─── Input data

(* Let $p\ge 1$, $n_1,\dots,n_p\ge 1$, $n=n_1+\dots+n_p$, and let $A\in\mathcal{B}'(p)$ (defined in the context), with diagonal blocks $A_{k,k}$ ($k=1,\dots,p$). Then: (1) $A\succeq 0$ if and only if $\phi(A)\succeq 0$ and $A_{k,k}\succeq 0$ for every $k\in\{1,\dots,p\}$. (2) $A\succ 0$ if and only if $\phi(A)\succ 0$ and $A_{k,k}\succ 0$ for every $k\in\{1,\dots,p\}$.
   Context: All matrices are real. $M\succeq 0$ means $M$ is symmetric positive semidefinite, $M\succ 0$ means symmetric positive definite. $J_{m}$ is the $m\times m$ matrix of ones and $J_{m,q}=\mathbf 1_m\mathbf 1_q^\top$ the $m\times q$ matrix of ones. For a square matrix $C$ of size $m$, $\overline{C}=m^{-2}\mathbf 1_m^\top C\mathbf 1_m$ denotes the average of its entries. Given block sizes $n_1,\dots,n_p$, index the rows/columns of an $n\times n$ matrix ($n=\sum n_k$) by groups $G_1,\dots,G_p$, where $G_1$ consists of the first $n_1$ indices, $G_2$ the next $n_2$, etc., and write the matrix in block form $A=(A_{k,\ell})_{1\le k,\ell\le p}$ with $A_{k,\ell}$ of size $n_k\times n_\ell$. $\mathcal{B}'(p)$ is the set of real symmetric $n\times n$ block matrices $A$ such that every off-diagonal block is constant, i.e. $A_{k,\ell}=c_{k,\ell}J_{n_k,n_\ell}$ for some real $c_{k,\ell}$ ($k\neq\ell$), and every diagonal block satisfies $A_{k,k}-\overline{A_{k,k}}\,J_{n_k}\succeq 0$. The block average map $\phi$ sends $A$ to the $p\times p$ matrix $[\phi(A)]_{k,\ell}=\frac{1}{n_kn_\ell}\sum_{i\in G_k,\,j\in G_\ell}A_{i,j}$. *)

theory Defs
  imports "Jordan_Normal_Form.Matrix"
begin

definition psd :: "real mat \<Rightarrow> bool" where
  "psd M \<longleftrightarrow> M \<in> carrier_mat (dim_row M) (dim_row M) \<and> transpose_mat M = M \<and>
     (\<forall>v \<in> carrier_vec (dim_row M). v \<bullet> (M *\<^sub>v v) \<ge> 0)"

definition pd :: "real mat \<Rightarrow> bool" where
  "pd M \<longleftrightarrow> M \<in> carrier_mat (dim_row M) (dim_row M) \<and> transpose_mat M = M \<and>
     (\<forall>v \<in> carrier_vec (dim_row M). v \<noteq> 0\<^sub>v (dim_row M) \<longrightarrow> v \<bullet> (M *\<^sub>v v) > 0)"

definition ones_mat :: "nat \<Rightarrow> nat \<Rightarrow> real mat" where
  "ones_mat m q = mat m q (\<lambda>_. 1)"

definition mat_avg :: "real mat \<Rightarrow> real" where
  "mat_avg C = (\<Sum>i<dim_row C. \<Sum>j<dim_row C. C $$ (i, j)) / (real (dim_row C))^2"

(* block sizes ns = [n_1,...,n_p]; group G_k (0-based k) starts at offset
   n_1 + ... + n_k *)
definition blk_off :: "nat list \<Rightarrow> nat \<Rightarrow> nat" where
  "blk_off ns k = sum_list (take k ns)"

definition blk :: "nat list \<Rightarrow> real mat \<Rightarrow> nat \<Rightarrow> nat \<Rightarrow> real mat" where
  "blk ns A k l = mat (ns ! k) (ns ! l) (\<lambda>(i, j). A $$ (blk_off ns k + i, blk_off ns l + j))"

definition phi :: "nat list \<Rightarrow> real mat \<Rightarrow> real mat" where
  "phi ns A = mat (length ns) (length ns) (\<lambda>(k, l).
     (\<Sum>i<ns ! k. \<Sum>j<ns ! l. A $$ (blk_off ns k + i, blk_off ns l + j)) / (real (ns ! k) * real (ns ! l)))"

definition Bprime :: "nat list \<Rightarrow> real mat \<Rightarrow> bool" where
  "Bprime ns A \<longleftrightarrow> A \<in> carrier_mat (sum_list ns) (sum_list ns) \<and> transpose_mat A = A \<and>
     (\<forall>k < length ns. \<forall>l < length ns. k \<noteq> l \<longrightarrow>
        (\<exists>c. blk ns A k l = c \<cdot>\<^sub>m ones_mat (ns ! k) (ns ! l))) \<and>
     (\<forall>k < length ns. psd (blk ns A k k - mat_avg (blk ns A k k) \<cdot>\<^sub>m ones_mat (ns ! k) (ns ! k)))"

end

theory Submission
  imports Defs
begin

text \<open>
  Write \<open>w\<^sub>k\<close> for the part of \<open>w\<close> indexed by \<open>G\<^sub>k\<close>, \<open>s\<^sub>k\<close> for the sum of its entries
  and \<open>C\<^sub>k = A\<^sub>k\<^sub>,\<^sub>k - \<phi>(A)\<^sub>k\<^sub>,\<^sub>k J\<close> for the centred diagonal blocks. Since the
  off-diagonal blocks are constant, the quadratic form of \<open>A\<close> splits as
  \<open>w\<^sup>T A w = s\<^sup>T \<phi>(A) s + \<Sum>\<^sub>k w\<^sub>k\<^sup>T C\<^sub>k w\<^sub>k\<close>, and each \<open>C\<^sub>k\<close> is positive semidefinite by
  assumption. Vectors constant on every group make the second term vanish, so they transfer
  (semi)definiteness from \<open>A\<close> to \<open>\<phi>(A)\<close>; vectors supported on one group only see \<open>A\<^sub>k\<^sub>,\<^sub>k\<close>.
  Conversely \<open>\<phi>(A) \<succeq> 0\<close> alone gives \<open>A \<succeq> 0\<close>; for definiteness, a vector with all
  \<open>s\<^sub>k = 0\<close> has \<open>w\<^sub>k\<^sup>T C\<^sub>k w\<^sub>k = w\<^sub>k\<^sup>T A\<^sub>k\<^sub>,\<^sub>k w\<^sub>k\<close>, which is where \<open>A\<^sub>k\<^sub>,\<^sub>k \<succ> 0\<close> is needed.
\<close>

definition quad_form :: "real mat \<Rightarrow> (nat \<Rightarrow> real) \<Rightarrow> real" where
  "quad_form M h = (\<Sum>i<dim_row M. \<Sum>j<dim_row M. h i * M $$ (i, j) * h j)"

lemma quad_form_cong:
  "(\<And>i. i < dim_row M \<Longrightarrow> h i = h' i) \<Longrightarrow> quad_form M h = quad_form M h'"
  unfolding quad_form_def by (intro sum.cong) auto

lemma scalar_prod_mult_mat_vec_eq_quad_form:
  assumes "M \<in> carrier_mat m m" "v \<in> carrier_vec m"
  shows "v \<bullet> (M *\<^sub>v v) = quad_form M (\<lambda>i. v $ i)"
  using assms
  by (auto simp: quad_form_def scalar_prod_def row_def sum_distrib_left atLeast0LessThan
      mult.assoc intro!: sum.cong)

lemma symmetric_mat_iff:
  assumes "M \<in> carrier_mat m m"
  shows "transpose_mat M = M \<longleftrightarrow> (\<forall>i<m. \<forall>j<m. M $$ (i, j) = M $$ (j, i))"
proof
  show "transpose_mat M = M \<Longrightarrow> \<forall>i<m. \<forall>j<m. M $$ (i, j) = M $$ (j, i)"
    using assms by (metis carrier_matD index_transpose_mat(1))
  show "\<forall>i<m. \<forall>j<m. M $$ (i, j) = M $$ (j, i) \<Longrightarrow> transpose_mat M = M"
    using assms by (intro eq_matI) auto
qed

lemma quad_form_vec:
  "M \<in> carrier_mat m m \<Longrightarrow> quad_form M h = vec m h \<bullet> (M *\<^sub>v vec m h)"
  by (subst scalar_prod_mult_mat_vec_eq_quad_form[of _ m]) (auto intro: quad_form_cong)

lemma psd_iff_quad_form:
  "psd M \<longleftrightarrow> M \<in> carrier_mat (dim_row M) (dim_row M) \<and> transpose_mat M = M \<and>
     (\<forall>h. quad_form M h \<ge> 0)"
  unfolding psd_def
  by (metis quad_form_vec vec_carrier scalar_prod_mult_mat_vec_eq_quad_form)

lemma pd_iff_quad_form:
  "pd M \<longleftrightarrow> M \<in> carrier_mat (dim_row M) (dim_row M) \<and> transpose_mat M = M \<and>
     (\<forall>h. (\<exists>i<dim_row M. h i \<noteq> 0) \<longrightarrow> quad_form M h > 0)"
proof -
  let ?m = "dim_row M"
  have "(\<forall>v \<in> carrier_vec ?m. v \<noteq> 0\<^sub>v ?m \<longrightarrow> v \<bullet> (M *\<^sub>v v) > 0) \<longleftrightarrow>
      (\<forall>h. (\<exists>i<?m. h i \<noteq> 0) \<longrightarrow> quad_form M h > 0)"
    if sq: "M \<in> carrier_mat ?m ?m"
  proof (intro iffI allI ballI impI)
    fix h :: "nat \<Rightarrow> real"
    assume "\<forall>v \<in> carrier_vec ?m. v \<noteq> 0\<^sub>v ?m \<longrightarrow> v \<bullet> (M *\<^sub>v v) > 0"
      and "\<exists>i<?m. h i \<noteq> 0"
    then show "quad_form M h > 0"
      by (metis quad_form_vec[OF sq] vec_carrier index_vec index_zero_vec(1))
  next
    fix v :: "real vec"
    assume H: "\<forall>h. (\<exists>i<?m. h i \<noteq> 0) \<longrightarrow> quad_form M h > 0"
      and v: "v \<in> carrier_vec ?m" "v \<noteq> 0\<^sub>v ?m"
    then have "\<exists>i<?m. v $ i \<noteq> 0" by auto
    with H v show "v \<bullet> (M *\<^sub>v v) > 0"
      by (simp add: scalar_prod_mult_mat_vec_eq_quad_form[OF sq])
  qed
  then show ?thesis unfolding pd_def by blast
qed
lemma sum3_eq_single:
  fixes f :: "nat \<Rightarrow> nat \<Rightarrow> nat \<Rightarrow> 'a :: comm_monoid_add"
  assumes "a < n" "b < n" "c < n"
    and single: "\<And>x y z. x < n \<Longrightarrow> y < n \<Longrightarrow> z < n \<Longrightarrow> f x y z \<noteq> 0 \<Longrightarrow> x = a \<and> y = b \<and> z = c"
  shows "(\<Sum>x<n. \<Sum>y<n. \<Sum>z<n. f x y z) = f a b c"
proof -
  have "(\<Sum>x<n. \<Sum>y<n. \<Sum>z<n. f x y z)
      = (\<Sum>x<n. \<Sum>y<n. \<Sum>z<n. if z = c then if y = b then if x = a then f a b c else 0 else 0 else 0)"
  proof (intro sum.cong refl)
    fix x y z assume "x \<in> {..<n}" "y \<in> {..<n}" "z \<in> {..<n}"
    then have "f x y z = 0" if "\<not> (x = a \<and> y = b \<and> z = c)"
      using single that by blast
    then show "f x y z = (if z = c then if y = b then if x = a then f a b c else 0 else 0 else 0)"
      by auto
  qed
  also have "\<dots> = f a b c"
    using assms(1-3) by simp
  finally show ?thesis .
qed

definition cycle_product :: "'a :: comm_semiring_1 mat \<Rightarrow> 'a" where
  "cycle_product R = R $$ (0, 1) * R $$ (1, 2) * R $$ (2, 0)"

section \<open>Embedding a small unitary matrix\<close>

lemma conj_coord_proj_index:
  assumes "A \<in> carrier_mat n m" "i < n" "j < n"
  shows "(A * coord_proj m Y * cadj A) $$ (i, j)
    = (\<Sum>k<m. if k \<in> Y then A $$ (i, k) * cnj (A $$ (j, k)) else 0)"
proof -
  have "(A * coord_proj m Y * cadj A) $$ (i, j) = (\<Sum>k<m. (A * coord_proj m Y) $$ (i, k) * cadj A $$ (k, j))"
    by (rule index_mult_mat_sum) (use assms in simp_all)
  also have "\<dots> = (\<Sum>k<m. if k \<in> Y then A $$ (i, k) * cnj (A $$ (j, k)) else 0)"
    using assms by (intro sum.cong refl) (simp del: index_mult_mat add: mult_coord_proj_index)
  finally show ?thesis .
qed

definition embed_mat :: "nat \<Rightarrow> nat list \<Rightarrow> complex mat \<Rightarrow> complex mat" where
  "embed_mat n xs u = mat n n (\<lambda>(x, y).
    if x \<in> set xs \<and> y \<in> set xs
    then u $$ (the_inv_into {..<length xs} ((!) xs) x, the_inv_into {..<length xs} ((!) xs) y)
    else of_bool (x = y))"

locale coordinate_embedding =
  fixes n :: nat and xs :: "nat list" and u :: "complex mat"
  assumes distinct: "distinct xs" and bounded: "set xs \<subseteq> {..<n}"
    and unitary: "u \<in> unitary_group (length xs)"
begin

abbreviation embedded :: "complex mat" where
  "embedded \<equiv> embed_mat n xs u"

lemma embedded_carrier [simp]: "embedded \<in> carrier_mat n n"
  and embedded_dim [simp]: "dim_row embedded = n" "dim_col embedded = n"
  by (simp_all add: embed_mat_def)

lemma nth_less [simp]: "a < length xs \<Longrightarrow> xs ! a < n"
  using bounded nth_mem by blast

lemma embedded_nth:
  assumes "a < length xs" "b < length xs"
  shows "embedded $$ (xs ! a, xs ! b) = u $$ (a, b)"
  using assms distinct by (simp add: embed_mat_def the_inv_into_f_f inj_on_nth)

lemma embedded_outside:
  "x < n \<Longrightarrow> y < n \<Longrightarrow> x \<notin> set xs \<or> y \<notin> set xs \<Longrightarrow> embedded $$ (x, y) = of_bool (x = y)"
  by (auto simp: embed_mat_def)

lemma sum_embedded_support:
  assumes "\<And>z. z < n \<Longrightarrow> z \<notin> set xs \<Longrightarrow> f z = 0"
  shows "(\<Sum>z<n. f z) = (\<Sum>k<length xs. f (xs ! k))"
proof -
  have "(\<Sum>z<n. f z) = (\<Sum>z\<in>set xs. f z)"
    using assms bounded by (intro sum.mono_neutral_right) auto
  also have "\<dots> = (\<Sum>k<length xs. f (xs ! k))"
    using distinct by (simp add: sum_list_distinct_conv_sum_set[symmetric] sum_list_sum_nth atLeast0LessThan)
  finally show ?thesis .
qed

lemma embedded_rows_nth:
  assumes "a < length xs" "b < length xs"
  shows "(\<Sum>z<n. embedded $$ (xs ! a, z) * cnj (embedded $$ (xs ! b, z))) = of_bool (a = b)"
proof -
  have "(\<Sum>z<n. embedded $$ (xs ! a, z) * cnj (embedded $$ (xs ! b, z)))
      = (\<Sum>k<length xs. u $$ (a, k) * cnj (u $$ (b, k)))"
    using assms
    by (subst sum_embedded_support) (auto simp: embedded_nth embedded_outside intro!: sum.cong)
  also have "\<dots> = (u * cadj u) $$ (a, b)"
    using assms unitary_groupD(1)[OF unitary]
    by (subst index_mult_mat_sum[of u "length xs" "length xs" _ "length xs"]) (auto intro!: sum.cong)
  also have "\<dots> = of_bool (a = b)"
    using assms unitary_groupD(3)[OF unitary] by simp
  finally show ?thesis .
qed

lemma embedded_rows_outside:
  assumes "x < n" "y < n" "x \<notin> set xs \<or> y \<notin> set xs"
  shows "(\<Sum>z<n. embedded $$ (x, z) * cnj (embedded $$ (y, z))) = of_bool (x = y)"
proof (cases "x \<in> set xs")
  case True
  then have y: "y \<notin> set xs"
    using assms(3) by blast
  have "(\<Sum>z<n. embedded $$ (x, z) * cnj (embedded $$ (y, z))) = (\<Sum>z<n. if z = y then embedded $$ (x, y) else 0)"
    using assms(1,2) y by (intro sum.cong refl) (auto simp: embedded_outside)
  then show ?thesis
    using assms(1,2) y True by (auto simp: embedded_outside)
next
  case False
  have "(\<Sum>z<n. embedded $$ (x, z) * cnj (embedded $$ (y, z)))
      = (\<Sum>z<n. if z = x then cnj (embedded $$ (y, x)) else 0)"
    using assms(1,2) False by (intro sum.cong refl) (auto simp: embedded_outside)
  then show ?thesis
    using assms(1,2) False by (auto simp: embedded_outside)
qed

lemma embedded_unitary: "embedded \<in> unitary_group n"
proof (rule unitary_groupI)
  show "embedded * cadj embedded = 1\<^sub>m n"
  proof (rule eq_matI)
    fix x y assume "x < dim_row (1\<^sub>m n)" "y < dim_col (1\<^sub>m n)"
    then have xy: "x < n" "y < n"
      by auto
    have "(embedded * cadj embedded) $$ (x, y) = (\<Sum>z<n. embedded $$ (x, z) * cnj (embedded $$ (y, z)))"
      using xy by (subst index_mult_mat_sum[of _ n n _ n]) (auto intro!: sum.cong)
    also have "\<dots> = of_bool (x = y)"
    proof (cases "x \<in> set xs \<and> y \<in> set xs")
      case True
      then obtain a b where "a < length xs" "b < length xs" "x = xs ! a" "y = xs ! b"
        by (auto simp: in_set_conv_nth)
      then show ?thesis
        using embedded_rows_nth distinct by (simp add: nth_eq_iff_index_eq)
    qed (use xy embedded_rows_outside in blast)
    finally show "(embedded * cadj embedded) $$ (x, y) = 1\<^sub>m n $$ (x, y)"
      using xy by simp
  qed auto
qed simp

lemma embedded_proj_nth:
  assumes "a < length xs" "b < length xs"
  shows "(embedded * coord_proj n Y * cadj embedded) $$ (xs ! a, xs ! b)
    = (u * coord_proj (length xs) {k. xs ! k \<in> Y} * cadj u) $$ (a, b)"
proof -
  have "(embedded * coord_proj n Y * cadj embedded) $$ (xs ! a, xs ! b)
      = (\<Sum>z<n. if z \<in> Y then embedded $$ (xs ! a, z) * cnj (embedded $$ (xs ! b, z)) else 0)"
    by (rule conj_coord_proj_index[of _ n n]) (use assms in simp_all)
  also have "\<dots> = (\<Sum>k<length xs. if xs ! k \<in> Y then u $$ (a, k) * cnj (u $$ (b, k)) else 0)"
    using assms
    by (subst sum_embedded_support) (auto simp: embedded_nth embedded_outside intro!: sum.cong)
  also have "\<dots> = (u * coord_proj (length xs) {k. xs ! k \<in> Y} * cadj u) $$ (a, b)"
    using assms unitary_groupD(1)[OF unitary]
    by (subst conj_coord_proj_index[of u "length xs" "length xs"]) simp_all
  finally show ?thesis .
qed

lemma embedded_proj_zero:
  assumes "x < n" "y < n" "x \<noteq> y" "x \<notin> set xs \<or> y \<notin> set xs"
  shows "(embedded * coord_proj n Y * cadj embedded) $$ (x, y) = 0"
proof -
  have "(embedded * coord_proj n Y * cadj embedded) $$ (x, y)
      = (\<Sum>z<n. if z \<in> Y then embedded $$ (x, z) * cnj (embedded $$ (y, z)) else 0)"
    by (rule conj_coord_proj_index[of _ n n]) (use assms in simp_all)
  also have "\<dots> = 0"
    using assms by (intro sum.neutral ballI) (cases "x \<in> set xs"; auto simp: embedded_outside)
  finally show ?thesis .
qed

──────

▶ Required action
For the string "else", return every line of the data where it appears.

▶ Exercise output
      = (\<Sum>x<n. \<Sum>y<n. \<Sum>z<n. if z = c then if y = b then if x = a then f a b c else 0 else 0 else 0)"
    then show "f x y z = (if z = c then if y = b then if x = a then f a b c else 0 else 0 else 0)"
    = (\<Sum>k<m. if k \<in> Y then A $$ (i, k) * cnj (A $$ (j, k)) else 0)"
  also have "\<dots> = (\<Sum>k<m. if k \<in> Y then A $$ (i, k) * cnj (A $$ (j, k)) else 0)"
    else of_bool (x = y))"
  have "(\<Sum>z<n. embedded $$ (x, z) * cnj (embedded $$ (y, z))) = (\<Sum>z<n. if z = y then embedded $$ (x, y) else 0)"
      = (\<Sum>z<n. if z = x then cnj (embedded $$ (y, x)) else 0)"
      = (\<Sum>z<n. if z \<in> Y then embedded $$ (xs ! a, z) * cnj (embedded $$ (xs ! b, z)) else 0)"
  also have "\<dots> = (\<Sum>k<length xs. if xs ! k \<in> Y then u $$ (a, k) * cnj (u $$ (b, k)) else 0)"
      = (\<Sum>z<n. if z \<in> Y then embedded $$ (x, z) * cnj (embedded $$ (y, z)) else 0)"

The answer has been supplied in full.